* _Action item_: Once you reach the line that holds "unfolding h_def using assms(2)" in the listing below, output it and every line after it through the line that holds "by (simp add: q_def", word for word.
[Data to use — start]
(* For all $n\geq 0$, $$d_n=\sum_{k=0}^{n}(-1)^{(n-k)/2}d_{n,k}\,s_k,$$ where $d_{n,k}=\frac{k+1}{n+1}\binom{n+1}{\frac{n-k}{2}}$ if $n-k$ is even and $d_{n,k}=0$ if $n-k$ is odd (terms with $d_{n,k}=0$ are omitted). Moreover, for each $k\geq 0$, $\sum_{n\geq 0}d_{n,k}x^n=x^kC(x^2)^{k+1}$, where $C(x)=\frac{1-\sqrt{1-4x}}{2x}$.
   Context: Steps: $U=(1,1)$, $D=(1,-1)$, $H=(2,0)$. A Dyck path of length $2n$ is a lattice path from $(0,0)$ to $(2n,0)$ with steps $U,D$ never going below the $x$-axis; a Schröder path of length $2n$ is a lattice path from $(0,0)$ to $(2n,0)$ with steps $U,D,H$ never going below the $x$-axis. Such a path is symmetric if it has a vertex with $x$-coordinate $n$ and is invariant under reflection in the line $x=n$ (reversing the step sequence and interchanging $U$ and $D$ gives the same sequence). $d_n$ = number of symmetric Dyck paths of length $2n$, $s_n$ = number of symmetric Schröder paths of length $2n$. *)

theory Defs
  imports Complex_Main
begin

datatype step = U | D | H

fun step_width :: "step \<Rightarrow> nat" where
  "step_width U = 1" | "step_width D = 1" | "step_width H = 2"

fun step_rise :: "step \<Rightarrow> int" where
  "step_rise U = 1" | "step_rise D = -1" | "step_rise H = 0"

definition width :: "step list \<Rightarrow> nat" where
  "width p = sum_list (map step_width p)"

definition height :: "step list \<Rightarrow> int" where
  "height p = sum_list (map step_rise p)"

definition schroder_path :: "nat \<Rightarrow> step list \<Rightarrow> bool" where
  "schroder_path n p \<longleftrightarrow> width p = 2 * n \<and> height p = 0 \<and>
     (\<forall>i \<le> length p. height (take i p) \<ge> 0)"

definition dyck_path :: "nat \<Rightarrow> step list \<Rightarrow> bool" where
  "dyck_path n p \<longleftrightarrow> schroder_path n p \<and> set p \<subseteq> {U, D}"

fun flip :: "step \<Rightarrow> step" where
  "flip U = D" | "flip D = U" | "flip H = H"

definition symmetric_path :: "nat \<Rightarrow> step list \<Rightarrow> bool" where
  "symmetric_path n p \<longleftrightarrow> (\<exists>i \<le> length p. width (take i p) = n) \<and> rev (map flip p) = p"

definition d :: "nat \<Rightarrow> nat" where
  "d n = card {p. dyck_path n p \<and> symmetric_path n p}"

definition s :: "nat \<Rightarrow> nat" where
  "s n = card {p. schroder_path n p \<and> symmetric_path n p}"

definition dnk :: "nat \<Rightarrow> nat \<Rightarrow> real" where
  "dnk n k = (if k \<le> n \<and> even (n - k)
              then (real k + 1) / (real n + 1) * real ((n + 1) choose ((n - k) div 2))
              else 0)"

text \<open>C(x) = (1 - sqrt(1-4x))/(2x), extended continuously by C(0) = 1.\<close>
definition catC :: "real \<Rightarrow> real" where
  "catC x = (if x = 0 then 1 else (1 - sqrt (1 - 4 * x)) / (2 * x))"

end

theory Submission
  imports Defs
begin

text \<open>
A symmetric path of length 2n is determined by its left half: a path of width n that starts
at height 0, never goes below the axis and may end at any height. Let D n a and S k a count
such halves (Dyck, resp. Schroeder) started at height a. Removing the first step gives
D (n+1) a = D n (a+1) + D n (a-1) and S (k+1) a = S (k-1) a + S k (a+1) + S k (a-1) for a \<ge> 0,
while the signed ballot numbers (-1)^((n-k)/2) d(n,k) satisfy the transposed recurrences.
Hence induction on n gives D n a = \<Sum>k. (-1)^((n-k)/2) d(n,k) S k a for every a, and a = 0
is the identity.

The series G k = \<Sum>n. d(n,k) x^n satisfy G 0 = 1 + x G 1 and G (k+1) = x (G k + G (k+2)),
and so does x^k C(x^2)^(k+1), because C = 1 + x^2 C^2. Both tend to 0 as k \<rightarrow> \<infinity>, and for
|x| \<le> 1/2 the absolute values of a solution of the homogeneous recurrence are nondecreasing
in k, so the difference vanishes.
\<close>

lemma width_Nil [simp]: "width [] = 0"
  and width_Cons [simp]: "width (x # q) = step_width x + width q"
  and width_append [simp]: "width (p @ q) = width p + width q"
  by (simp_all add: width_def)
[Data to use — finish]
[Data to use — start]
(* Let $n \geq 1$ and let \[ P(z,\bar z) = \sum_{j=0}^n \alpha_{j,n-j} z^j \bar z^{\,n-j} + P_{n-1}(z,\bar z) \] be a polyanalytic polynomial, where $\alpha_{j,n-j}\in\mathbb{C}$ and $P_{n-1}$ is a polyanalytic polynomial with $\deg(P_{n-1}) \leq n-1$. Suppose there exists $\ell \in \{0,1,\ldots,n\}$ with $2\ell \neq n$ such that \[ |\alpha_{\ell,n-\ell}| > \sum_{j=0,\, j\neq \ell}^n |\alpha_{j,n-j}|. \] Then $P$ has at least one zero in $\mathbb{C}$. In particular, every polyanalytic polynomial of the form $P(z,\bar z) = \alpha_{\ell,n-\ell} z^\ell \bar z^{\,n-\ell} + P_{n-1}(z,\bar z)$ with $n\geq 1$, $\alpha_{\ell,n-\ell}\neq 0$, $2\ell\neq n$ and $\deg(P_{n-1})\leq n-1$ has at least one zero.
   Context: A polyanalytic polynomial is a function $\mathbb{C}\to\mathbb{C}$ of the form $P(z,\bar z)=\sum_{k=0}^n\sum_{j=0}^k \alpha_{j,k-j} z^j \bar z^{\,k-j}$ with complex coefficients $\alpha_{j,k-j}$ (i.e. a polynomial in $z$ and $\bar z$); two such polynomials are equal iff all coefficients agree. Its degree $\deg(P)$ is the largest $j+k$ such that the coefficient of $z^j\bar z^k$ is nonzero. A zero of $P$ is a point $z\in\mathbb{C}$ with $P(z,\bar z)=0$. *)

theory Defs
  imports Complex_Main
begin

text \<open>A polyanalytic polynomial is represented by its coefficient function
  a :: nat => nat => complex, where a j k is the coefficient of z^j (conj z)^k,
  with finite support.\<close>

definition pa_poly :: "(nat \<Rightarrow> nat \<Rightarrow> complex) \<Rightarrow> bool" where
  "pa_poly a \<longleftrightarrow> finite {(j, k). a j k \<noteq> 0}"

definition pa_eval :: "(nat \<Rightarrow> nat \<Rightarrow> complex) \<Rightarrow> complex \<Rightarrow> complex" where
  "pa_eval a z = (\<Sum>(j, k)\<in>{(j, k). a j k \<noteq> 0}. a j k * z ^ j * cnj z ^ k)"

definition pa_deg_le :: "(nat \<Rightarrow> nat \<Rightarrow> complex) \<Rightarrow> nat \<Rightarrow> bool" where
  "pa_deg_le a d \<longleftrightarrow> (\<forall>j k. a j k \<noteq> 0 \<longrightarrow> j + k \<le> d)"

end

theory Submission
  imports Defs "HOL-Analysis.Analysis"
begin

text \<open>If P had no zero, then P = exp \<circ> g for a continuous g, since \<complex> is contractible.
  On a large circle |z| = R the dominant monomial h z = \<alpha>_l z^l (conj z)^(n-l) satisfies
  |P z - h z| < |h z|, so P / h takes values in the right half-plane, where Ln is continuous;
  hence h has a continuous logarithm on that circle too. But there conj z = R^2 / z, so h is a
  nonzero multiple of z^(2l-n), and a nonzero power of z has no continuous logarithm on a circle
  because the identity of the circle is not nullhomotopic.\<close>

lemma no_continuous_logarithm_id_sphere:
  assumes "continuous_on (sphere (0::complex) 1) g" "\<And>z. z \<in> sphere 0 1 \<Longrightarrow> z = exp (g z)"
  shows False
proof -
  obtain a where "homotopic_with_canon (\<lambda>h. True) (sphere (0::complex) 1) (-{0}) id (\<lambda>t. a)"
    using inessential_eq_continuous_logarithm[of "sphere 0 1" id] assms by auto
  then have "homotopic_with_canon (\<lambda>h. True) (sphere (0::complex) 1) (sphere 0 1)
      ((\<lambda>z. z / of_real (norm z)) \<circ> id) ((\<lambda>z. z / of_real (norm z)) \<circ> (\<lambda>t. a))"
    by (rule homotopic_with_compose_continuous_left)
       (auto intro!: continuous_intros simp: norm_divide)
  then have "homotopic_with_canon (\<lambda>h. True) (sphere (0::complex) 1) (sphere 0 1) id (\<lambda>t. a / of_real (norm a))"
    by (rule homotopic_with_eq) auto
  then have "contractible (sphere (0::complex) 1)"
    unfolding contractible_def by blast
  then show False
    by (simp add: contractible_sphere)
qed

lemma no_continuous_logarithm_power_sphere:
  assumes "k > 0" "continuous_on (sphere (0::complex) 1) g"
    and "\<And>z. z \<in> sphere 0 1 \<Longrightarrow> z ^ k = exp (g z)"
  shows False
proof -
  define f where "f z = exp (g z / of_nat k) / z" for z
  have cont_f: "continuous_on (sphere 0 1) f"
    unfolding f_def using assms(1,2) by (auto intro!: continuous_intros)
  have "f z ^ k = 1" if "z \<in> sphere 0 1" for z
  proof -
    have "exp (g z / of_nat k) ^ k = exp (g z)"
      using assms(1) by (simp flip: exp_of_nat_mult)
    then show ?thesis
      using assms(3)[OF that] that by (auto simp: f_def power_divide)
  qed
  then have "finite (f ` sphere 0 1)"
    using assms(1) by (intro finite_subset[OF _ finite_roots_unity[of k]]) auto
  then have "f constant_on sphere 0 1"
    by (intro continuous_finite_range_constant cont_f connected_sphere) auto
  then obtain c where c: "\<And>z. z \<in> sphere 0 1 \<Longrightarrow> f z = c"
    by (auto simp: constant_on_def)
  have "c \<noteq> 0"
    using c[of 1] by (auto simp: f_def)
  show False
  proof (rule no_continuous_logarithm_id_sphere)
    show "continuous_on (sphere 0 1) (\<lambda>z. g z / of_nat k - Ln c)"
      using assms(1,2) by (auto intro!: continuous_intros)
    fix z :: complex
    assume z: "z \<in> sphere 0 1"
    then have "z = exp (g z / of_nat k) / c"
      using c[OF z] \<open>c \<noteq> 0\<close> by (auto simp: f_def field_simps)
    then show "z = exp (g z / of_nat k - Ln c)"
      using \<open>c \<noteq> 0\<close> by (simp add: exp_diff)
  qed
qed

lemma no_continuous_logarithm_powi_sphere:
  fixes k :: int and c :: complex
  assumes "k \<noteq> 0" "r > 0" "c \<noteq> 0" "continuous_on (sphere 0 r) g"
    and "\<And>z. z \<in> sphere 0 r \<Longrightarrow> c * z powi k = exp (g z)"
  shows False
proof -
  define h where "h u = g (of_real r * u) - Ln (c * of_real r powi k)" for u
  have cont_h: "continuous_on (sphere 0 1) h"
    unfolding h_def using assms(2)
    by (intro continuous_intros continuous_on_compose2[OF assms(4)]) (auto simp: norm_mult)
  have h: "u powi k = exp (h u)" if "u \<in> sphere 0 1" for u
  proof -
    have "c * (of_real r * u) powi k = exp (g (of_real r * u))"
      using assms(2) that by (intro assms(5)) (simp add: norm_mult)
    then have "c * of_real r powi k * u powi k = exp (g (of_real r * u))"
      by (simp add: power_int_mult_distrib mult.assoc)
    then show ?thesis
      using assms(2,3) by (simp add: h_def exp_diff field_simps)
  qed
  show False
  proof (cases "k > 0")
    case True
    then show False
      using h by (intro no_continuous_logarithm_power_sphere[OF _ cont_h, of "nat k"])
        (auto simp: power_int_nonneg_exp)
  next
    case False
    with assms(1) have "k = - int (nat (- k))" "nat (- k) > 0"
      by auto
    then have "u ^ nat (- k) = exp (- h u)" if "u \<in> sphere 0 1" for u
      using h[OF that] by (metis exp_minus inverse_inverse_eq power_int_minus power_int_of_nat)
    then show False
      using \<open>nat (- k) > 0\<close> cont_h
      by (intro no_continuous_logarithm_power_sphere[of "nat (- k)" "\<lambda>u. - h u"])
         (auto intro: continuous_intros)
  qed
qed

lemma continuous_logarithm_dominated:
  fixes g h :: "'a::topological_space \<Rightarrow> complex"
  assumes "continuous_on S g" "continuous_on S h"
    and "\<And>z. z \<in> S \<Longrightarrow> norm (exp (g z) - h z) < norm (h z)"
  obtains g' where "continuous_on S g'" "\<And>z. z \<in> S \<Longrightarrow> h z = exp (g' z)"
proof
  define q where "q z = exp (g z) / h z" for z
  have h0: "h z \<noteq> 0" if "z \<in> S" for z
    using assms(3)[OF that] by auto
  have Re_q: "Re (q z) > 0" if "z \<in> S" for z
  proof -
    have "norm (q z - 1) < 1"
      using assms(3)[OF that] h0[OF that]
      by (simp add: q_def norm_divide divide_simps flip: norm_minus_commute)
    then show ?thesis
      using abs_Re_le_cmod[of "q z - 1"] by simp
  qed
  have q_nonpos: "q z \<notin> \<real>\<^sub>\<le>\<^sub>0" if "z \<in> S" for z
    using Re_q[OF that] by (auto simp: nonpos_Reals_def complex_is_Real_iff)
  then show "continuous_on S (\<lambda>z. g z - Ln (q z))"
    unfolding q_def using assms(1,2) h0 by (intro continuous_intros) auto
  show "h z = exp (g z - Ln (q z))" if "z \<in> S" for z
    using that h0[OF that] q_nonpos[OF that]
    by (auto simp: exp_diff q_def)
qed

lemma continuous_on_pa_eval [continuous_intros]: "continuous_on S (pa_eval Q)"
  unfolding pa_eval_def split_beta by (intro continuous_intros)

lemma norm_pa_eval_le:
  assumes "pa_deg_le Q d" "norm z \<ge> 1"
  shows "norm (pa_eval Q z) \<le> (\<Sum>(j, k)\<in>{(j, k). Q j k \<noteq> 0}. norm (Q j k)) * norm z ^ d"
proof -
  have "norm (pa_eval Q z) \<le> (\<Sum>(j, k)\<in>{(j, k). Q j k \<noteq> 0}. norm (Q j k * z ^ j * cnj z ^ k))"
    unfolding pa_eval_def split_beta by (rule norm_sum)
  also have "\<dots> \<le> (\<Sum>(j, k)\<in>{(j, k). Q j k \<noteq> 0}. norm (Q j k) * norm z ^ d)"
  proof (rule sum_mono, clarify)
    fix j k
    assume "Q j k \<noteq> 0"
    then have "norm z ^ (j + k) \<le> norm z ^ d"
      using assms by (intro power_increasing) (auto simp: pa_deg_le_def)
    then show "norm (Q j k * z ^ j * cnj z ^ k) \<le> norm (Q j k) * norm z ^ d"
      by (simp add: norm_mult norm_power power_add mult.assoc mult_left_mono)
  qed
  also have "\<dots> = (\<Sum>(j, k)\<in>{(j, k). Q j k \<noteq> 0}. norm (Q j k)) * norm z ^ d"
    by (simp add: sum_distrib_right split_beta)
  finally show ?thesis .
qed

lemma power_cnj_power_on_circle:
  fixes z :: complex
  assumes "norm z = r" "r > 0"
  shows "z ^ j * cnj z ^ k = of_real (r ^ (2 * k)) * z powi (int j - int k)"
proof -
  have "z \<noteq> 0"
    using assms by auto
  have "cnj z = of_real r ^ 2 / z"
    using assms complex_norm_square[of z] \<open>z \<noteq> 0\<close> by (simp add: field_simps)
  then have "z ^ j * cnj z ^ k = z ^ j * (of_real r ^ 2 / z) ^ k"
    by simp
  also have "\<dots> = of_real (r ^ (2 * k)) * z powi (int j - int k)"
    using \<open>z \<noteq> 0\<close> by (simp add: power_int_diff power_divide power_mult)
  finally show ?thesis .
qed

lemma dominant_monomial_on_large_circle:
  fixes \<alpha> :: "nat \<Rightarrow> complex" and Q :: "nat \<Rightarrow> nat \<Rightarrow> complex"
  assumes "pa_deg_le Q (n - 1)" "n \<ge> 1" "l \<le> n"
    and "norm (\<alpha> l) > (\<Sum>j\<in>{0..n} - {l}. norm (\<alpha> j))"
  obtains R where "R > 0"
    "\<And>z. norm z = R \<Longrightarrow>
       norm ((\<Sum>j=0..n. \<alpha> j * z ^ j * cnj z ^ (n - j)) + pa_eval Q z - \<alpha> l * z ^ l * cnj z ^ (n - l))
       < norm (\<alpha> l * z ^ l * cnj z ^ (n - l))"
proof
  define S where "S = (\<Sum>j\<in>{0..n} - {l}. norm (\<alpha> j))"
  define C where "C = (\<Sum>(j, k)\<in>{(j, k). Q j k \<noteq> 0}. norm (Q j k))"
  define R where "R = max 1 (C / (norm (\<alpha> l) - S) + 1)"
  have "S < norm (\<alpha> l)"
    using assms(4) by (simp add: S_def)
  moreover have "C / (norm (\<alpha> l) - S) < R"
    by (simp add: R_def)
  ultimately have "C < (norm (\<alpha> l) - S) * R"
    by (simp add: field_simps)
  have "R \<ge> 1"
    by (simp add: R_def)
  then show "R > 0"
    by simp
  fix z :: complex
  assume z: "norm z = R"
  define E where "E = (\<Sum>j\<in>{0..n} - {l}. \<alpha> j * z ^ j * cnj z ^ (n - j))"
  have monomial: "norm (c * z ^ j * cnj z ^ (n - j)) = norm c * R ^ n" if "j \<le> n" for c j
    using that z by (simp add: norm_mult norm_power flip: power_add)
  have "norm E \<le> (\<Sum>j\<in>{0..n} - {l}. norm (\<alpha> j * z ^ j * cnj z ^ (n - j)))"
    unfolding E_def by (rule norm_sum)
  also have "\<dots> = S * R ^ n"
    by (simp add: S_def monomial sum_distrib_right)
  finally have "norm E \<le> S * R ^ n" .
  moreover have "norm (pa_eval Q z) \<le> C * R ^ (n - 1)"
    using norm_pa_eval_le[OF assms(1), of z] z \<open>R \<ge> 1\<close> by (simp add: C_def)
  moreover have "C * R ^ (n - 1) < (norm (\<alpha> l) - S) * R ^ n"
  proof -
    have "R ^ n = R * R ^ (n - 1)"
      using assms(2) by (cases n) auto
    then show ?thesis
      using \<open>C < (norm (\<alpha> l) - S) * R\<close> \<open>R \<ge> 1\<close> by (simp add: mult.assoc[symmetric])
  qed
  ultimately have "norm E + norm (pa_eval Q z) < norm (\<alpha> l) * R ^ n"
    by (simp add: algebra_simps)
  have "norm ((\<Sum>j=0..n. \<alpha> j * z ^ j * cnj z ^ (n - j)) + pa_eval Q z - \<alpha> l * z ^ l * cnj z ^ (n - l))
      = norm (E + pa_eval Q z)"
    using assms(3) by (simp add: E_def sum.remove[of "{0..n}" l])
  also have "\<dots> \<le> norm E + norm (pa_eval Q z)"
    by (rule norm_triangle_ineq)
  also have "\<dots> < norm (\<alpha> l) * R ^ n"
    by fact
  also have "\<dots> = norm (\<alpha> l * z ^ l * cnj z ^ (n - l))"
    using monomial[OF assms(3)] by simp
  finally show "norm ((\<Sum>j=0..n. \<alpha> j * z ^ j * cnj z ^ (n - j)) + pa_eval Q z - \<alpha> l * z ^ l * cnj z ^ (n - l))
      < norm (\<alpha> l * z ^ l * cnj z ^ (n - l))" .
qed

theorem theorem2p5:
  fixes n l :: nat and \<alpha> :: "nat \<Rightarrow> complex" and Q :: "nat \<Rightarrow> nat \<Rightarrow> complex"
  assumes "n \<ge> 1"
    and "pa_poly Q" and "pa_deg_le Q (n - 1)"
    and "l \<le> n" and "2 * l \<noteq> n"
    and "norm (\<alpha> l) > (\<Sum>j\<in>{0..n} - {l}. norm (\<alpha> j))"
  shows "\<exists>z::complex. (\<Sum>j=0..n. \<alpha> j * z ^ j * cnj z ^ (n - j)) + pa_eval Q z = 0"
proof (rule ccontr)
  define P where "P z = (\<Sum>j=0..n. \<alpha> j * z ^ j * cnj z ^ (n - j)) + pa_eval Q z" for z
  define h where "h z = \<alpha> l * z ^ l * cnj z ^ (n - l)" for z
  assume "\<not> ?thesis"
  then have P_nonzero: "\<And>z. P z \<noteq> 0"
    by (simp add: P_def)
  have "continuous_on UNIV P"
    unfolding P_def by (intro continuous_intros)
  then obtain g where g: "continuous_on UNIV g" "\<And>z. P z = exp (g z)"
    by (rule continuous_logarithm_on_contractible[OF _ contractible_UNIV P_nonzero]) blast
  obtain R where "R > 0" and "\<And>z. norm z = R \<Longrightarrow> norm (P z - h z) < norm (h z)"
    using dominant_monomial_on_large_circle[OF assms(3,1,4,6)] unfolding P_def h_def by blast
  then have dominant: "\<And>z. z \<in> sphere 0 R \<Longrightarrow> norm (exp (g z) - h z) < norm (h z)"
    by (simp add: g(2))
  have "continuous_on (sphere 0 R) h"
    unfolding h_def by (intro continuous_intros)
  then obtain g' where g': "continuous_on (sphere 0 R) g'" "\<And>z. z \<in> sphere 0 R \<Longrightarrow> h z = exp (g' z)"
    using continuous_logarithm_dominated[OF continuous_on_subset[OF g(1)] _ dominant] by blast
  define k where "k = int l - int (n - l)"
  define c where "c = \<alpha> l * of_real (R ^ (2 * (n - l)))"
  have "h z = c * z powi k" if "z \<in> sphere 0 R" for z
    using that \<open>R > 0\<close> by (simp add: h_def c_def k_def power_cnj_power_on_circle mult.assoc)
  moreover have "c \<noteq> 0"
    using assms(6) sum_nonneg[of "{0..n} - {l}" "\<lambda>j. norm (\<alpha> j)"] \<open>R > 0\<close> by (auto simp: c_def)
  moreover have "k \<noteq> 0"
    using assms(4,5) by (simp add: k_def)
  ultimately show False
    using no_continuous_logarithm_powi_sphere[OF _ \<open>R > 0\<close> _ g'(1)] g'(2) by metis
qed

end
[Data to use — finish]
* _Final answer_:
    unfolding h_def using assms(2)
    by (intro continuous_intros continuous_on_compose2[OF assms(4)]) (auto simp: norm_mult)
  have h: "u powi k = exp (h u)" if "u \<in> sphere 0 1" for u
  proof -
    have "c * (of_real r * u) powi k = exp (g (of_real r * u))"
      using assms(2) that by (intro assms(5)) (simp add: norm_mult)
    then have "c * of_real r powi k * u powi k = exp (g (of_real r * u))"
      by (simp add: power_int_mult_distrib mult.assoc)
    then show ?thesis
      using assms(2,3) by (simp add: h_def exp_diff field_simps)
  qed
  show False
  proof (cases "k > 0")
    case True
    then show False
      using h by (intro no_continuous_logarithm_power_sphere[OF _ cont_h, of "nat k"])
        (auto simp: power_int_nonneg_exp)
  next
    case False
    with assms(1) have "k = - int (nat (- k))" "nat (- k) > 0"
      by auto
    then have "u ^ nat (- k) = exp (- h u)" if "u \<in> sphere 0 1" for u
      using h[OF that] by (metis exp_minus inverse_inverse_eq power_int_minus power_int_of_nat)
    then show False
      using \<open>nat (- k) > 0\<close> cont_h
      by (intro no_continuous_logarithm_power_sphere[of "nat (- k)" "\<lambda>u. - h u"])
         (auto intro: continuous_intros)
  qed
qed

lemma continuous_logarithm_dominated:
  fixes g h :: "'a::topological_space \<Rightarrow> complex"
  assumes "continuous_on S g" "continuous_on S h"
    and "\<And>z. z \<in> S \<Longrightarrow> norm (exp (g z) - h z) < norm (h z)"
  obtains g' where "continuous_on S g'" "\<And>z. z \<in> S \<Longrightarrow> h z = exp (g' z)"
proof
  define q where "q z = exp (g z) / h z" for z
  have h0: "h z \<noteq> 0" if "z \<in> S" for z
    using assms(3)[OF that] by auto
  have Re_q: "Re (q z) > 0" if "z \<in> S" for z
  proof -
    have "norm (q z - 1) < 1"
      using assms(3)[OF that] h0[OF that]
      by (simp add: q_def norm_divide divide_simps flip: norm_minus_commute)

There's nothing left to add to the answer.